## Supplied information:
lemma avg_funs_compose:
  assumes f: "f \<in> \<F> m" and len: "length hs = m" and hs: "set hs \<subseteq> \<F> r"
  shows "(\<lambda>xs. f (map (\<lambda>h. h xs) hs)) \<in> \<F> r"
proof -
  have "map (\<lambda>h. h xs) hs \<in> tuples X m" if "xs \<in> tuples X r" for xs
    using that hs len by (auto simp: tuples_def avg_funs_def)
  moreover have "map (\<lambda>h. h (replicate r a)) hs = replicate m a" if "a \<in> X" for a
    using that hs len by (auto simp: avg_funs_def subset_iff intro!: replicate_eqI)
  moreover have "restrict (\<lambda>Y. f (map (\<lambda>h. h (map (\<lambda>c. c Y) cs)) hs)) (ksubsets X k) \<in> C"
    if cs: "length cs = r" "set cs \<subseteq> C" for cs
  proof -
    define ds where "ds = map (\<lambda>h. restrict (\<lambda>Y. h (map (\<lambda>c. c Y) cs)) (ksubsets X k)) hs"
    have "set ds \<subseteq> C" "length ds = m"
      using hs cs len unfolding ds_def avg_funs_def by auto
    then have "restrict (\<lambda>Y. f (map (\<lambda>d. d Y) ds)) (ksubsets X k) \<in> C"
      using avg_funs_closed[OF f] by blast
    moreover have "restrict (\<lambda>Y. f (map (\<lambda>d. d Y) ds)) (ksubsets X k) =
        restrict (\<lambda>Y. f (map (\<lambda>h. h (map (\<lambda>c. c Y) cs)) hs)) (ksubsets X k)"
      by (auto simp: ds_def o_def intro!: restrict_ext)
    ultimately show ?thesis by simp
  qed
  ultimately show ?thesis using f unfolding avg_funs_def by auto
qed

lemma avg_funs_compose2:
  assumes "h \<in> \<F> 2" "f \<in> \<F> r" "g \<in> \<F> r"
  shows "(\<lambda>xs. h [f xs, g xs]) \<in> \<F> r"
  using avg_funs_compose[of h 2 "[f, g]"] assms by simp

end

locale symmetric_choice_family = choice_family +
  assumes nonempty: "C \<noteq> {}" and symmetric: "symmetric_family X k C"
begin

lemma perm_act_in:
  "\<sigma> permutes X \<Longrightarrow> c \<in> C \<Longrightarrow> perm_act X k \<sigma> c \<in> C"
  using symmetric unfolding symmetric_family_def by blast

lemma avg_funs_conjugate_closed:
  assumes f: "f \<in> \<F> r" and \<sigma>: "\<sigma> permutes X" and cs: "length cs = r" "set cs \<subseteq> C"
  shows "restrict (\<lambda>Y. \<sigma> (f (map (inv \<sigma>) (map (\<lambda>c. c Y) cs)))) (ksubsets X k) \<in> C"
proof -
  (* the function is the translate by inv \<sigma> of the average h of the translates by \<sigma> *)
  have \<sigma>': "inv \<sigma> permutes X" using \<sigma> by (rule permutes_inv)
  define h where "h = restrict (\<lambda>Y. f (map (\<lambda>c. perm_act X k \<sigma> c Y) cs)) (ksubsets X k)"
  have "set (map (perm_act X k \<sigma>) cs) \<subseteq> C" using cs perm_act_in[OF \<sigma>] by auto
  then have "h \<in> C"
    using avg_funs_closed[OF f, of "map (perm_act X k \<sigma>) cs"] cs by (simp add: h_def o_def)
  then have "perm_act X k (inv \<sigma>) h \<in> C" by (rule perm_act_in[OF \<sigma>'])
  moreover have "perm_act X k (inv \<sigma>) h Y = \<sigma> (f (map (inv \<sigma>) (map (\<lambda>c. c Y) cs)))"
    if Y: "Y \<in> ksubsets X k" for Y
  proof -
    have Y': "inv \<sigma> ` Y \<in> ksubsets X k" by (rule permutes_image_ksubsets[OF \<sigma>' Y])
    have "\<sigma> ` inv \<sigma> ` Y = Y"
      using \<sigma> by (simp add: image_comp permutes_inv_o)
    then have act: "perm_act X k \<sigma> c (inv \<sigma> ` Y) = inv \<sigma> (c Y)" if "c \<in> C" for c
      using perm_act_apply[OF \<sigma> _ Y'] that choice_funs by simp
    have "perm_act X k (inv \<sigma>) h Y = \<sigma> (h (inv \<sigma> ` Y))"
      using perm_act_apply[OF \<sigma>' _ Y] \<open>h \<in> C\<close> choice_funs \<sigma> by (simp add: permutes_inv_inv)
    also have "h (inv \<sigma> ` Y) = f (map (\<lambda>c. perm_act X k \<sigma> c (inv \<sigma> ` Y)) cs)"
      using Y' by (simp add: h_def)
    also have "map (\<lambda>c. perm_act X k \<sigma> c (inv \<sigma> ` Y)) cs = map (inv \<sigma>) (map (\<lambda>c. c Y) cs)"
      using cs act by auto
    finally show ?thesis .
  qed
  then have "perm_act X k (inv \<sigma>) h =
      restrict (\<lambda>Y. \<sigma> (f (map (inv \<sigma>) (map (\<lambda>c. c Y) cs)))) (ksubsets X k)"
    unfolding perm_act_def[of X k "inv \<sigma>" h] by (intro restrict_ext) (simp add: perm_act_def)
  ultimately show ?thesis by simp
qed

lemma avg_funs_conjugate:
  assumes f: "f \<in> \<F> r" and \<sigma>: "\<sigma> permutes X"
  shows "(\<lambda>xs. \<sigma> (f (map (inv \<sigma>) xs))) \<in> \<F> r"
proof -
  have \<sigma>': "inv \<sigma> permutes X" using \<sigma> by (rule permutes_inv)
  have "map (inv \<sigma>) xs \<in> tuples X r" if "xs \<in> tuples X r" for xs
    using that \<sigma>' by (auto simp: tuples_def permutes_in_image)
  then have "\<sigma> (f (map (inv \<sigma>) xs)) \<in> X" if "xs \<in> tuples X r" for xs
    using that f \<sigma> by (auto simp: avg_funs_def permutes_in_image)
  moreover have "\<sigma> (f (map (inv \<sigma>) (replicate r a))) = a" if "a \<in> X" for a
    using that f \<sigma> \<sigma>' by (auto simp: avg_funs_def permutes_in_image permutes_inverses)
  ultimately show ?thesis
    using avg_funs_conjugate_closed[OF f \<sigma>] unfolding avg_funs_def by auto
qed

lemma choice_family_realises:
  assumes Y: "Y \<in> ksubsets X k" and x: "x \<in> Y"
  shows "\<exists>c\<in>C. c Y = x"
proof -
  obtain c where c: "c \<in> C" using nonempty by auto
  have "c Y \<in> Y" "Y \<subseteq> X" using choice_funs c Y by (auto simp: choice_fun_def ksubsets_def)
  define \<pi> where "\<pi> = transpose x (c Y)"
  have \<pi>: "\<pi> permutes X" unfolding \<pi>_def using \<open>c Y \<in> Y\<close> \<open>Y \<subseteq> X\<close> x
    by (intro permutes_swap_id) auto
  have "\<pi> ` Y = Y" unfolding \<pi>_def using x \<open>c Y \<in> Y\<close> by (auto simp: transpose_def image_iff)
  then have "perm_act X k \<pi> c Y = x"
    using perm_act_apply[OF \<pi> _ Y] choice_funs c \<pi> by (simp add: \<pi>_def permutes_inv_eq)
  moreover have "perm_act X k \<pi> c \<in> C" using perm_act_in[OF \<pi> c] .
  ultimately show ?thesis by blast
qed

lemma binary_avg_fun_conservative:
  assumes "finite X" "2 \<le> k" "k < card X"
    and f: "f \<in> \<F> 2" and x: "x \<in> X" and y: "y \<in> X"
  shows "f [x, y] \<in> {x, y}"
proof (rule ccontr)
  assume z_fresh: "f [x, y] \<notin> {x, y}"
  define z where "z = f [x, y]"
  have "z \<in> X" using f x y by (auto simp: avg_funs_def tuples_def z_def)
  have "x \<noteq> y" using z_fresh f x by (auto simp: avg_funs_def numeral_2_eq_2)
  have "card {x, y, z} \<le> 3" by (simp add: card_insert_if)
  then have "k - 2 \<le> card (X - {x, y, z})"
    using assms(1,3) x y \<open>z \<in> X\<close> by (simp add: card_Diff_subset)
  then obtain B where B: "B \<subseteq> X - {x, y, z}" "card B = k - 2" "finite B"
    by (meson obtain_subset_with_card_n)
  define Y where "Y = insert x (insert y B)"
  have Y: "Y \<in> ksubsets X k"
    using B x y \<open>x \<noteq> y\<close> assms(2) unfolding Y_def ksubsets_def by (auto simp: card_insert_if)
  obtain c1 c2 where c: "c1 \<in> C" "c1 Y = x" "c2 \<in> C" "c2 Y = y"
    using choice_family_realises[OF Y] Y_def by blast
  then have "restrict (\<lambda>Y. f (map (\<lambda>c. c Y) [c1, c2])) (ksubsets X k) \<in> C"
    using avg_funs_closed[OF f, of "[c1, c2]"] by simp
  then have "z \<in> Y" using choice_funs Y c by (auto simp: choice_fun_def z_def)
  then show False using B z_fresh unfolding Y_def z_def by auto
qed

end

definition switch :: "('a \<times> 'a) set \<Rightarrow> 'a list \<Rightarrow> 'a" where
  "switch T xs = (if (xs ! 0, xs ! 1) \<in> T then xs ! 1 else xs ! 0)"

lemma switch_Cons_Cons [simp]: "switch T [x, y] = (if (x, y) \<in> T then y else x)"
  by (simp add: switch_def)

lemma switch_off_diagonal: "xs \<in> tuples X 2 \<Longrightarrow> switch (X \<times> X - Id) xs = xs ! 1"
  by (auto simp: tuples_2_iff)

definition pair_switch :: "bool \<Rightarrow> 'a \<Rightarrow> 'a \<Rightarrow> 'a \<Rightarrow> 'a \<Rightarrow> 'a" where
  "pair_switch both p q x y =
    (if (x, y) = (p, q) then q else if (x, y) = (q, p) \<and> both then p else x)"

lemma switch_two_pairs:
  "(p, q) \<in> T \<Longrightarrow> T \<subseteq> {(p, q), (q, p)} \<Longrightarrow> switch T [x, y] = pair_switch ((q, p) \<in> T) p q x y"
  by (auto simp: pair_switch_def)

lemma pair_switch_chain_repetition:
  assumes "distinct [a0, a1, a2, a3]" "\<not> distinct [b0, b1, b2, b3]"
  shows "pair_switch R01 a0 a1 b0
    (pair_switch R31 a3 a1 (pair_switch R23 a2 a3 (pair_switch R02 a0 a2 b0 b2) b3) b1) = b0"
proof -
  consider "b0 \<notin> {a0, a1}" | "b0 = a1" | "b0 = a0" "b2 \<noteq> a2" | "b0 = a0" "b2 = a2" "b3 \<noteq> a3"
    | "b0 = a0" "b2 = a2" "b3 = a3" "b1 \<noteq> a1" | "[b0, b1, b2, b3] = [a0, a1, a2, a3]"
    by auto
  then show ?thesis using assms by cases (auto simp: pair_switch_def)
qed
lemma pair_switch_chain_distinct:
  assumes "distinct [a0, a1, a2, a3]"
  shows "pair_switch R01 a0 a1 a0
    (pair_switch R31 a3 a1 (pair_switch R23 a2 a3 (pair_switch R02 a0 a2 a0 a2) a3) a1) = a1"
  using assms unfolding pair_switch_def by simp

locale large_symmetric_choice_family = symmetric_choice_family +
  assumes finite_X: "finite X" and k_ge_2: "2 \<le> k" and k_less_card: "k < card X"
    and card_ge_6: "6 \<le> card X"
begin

## Task item:
Write out every line from the data above that includes "define".

## Task output:
    define ds where "ds = map (\<lambda>h. restrict (\<lambda>Y. h (map (\<lambda>c. c Y) cs)) (ksubsets X k)) hs"
  define h where "h = restrict (\<lambda>Y. f (map (\<lambda>c. perm_act X k \<sigma> c Y) cs)) (ksubsets X k)"
  define \<pi> where "\<pi> = transpose x (c Y)"
  define z where "z = f [x, y]"
  define Y where "Y = insert x (insert y B)"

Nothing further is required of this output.